Cunningham Sue E D, Verkaik Darlene, Gross Georgiana, Khazim Khalid, Hirachan Padam, Agarwal Gurav, Lorenzo Carlos, Matteucci Elena, Bansal Shweta, Fanti Paolo
Divisions of Nephrology, University of Texas Health Science Center San Antonio, San Antonio, Texas School of Health Professions, University of Texas Health Science Center San Antonio, San Antonio, Texas.
Audie L. Murphy Veterans Memorial Hospital, STVHCS, San Antonio, Texas.
Nutr Clin Pract. 2015 Oct;30(5):698-708. doi: 10.1177/0884533615575046. Epub 2015 Apr 21.
U.S. military veterans have high rates of chronic disease and social disadvantage, which are risk factors for protein-energy wasting (PEW). It is not known whether this translates into high prevalence of PEW in veterans with end-stage renal disease.
We compared the clinical, socioeconomic, and nutrition status and the diet of 33 veteran and 38 nonveteran clinically stable patients receiving maintenance hemodialysis (MHD) in south-central Texas.
The whole cohort included 82% Mexican Americans (MAs), 72% type 2 diabetics, and 73% males. The body mass index was 28.9 ± 6.2, while energy intake was 21.5 ± 8.2 kcal/kg/d and protein intake was 1.0 ± 0.4 g/kg/d. Serum albumin (bromocresol purple) was 3.5 ± 0.4 g/dL, transferrin was 171.9 ± 27.8 mg/d, C-reactive protein was 2.9 (1.4-6.5) mg/L, interleukin-6 (IL-6) was 8.3 (4.2-17.9) pg/mL, neutrophil gelatinase-associated lipocalin was 729 (552-1256) ng/mL, and the malnutrition-inflammation score was 8.8 ± 3.0. In group comparison that adjusted for sex and ethnicity, the veterans had better household income, less MAs (60% vs 100%), more males (94% vs 55%), more use of a renin-angiotensin-aldosterone system blockade (66% vs 33%), and lower IL-6 levels (4.4 [3.1-5.8] vs 15.4 [8.3-20.5] pg/mL; P = .01) than nonveterans. In regression analysis, the lower serum IL-6 level in veterans was independently explained by dialysis clinic, sex, and, possibly, household income (intermediate significance).

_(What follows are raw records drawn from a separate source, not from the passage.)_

lemma exists_box_n_offspring_eq:
  fixes ws :: "real list" and N :: nat
  assumes nonneg: "\<forall>w\<in>set ws. 0 \<le> w" and sum: "sum_list ws = 1"
  shows "\<exists>a b. (\<forall>p<length ws. 0 \<le> a p \<and> a p < b p \<and> b p \<le> 1) \<and>
           (\<forall>u. (\<forall>p<length ws. a p < u p \<and> u p < b p) \<longrightarrow> n_offspring N ws u = N)"
proof -
  define R where "R p = frac (ws ! p * N)" for p
  define k where "k = N - (\<Sum>p<length ws. nat \<lfloor>ws ! p * N\<rfloor>)"
  have R_01: "0 \<le> R p \<and> R p \<le> 1" for p
    using frac_lt_1[of "ws ! p * N"] by (simp add: R_def)
  have "real k = (\<Sum>p<length ws. R p)"
    using sum_floor_add_sum_frac[OF nonneg sum, of N] sum_floor_le[OF nonneg sum, of N]
    by (simp add: k_def R_def)
  also have "\<dots> \<le> card {p\<in>{..<length ws}. 0 < R p}"
    using R_01 by (intro sum_le_card_pos) auto
  finally obtain C where C: "C \<subseteq> {p\<in>{..<length ws}. 0 < R p}" and card_C: "card C = k"
    by (meson ex_card of_nat_le_iff)
  \<comment> \<open>the box forces one extra copy exactly for the particles in \<open>C\<close>\<close>
  define a where "a p = (if p \<in> C then 0 else R p)" for p
  define b where "b p = (if p \<in> C then R p else 1)" for p
  have "n_offspring N ws u = N" if u: "\<forall>p<length ws. a p < u p \<and> u p < b p" for u
  proof -
    have "n_offspring N ws u = (\<Sum>p<length ws. nat \<lfloor>ws ! p * N\<rfloor>) + card C"
      using C u by (intro n_offspring_eq_floor_add_card[OF nonneg]) (auto simp: a_def b_def R_def)
    then show ?thesis
      using card_C sum_floor_le[OF nonneg sum, of N] by (simp add: k_def)
  qed
  moreover have "\<forall>p<length ws. 0 \<le> a p \<and> a p < b p \<and> b p \<le> 1"
    using C R_01 frac_lt_1 by (auto simp: a_def b_def R_def)
  ultimately show ?thesis
    by blast
qed

lemma pc_step_eq_uniform_population:
  assumes "0 < N" and "sum_list ws = 1"
  shows "pc_step N 0 ws u = uniform_population (max 1 (n_offspring N ws u))"
proof -
  define ex where "ex = concat (map (\<lambda>p. pc_particle (1 / real N) (ws ! p) (u p)) [0..<length ws])"
  have "length ex = n_offspring N ws u"
    unfolding ex_def n_offspring_def n_copies_def length_concat map_map comp_def
    by (simp add: interv_sum_list_conv_sum_set_nat atLeast0LessThan)
  moreover have "\<forall>y\<in>set ex. y = 1 / real N"
    unfolding ex_def by (auto simp: pc_particle_def Let_def split: if_splits)
  ultimately have ex_eq: "ex = replicate (n_offspring N ws u) (1 / real N)"
    using replicate_length_same by metis
  have "pc_step N 0 ws u = (if ex = [] then [1] else map (\<lambda>w. (1 / sum_list ex) * w) ex)"
    unfolding pc_step_def Let_def ex_def using assms(2) by simp
  then show ?thesis
    using assms(1)
    by (cases "n_offspring N ws u = 0")
       (simp_all add: ex_eq uniform_population_def sum_list_replicate max_def)
qed

lemma pc_iter_cong:
  assumes "\<And>k p. k < l \<Longrightarrow> \<omega> (k, p) = \<omega>' (k, p)"
  shows "pc_iter N ws0 \<omega> l = pc_iter N ws0 \<omega>' l"
  using assms by (induction l) auto

lemma measurable_n_copies [measurable]: "n_copies N w \<in> borel \<rightarrow>\<^sub>M count_space UNIV"
  unfolding n_copies_eq Let_def by measurable

abbreviation unif01 :: "real measure" where
  "unif01 \<equiv> uniform_measure lborel {0<..<1}"

lemma prob_space_unif01: "prob_space unif01"
  by (rule prob_space_uniform_measure) auto

lemma product_prob_space_unif01: "product_prob_space (\<lambda>_. unif01)"
  by (simp add: product_prob_space_def product_sigma_finite_def product_prob_space_axioms_def
      prob_space_unif01 prob_space_imp_sigma_finite)

lemma prob_space_unif_space: "prob_space unif_space"
  unfolding unif_space_def by (rule prob_space_PiM) (rule prob_space_unif01)

lemma indep_var_restrict_components:
  fixes M :: "'i \<Rightarrow> 'a measure"
  assumes "product_prob_space M" and "KA \<inter> KB = {}"
  shows "prob_space.indep_var (PiM UNIV M)
           (PiM KA M) (\<lambda>x. restrict x KA) (PiM KB M) (\<lambda>x. restrict x KB)"
proof -
  interpret product_prob_space M UNIV
    by (rule assms(1))
  have "P.indep_vars M (\<lambda>i x. x i) UNIV"
    by (subst P.indep_vars_iff_distr_eq_PiM)
       (simp_all add: PiM_component restrict_UNIV measurable_component_singleton)
  from P.indep_var_restrict[OF this assms(2)] show ?thesis
    by simp
qed

definition row_box ::
    "nat \<Rightarrow> (nat \<Rightarrow> real) \<Rightarrow> (nat \<Rightarrow> real) \<Rightarrow> nat \<Rightarrow> (nat \<times> nat \<Rightarrow> real) set" where
  "row_box l a b n = {\<omega> \<in> space unif_space. \<forall>p<n. a p < \<omega> (l, p) \<and> \<omega> (l, p) < b p}"

lemma sets_row_box_PiM:
  fixes K :: "(nat \<times> nat) set"
  assumes "\<And>p. (l, p) \<in> K"
  shows "{\<omega> \<in> space (PiM K (\<lambda>_. unif01)). \<forall>p<n. a p < \<omega> (l, p) \<and> \<omega> (l, p) < b p}
           \<in> sets (PiM K (\<lambda>_. unif01))"
  using assms by measurable

lemma sets_row_box: "row_box l a b n \<in> sets unif_space"
  unfolding row_box_def unif_space_def by (rule sets_row_box_PiM) simp

lemma measure_row_box:
  assumes "\<forall>p<n. 0 \<le> a p \<and> a p < b p \<and> b p \<le> 1"
  shows "measure unif_space (row_box l a b n) = (\<Prod>p<n. b p - a p)"
proof -
  interpret product_prob_space "\<lambda>_. unif01" UNIV
    by (rule product_prob_space_unif01)
  let ?J = "(\<lambda>p. (l, p)) ` {..<n}" and ?X = "\<lambda>i. {a (snd i)<..<b (snd i)}"
  have "row_box l a b n = {\<omega> \<in> space unif_space. \<forall>i\<in>?J. \<omega> i \<in> ?X i}"
    by (auto simp: row_box_def)
  also have "emeasure unif_space \<dots> = (\<Prod>i\<in>?J. emeasure unif01 (?X i))"
    unfolding unif_space_def by (rule emeasure_PiM_Collect) auto
  also have "\<dots> = (\<Prod>p<n. ennreal (b p - a p))"
    using assms
    by (subst prod.reindex) (auto simp: inj_on_def less_imp_le divide_ennreal_def intro!: prod.cong)
  also have "\<dots> = ennreal (\<Prod>p<n. b p - a p)"
    by (rule prod_ennreal) (use assms in \<open>auto simp: less_imp_le\<close>)
  finally have "emeasure unif_space (row_box l a b n) = ennreal (\<Prod>p<n. b p - a p)" .
  moreover have "0 \<le> (\<Prod>p<n. b p - a p)"
    by (rule prod_nonneg) (use assms in \<open>auto simp: less_imp_le\<close>)
  ultimately show ?thesis
    by (simp add: measure_def)
qed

In a relatively small cohort of clinically stable MHD patients, the veterans showed equivalent nutrition status and dietary intake and less inflammation than the nonveterans, thus not supporting the possibility that veteran MHD patients may have worse nutrition than the nonveteran counterpart.
美国退伍军人慢性病发病率高且处于社会劣势,这些都是蛋白质 - 能量消耗(PEW)的风险因素。目前尚不清楚这是否会导致终末期肾病退伍军人中PEW的高患病率。
我们比较了德克萨斯州中南部33名接受维持性血液透析(MHD)的退伍军人和38名非退伍军人临床稳定患者的临床、社会经济和营养状况以及饮食情况。
整个队列中82%为墨西哥裔美国人(MAs),72%为2型糖尿病患者,73%为男性。体重指数为28.9±6.2,能量摄入量为21.5±8.2千卡/千克/天,蛋白质摄入量为1.0±0.4克/千克/天。血清白蛋白(溴甲酚紫法)为3.5±0.4克/分升,转铁蛋白为171.9±27.8毫克/分升,C反应蛋白为2.9(1.4 - 6.5)毫克/升,白细胞介素 - 6(IL - 6)为8.3(4.2 - 17.9)皮克/毫升,中性粒细胞明胶酶相关脂质运载蛋白为729(552 - 1256)纳克/毫升,营养不良 - 炎症评分为8.8±3.0。在对性别和种族进行调整的组间比较中,退伍军人的家庭收入更高,MAs比例更低(60%对100%),男性比例更高(94%对55%),肾素 - 血管紧张素 - 醛固酮系统阻滞剂的使用更多(66%对33%),且IL - 6水平更低(4.4[3.1 - 5.8]对15.4[8.3 - 20.5]皮克/毫升;P = 0.01)。在回归分析中,退伍军人较低的血清IL - 6水平可由透析诊所、性别以及可能的家庭收入独立解释(具有中等显著性)。
在一个相对较小的临床稳定的MHD患者队列中,退伍军人的营养状况和饮食摄入量与非退伍军人相当,且炎症较轻,因此不支持退伍军人MHD患者营养状况可能比非退伍军人更差的可能性。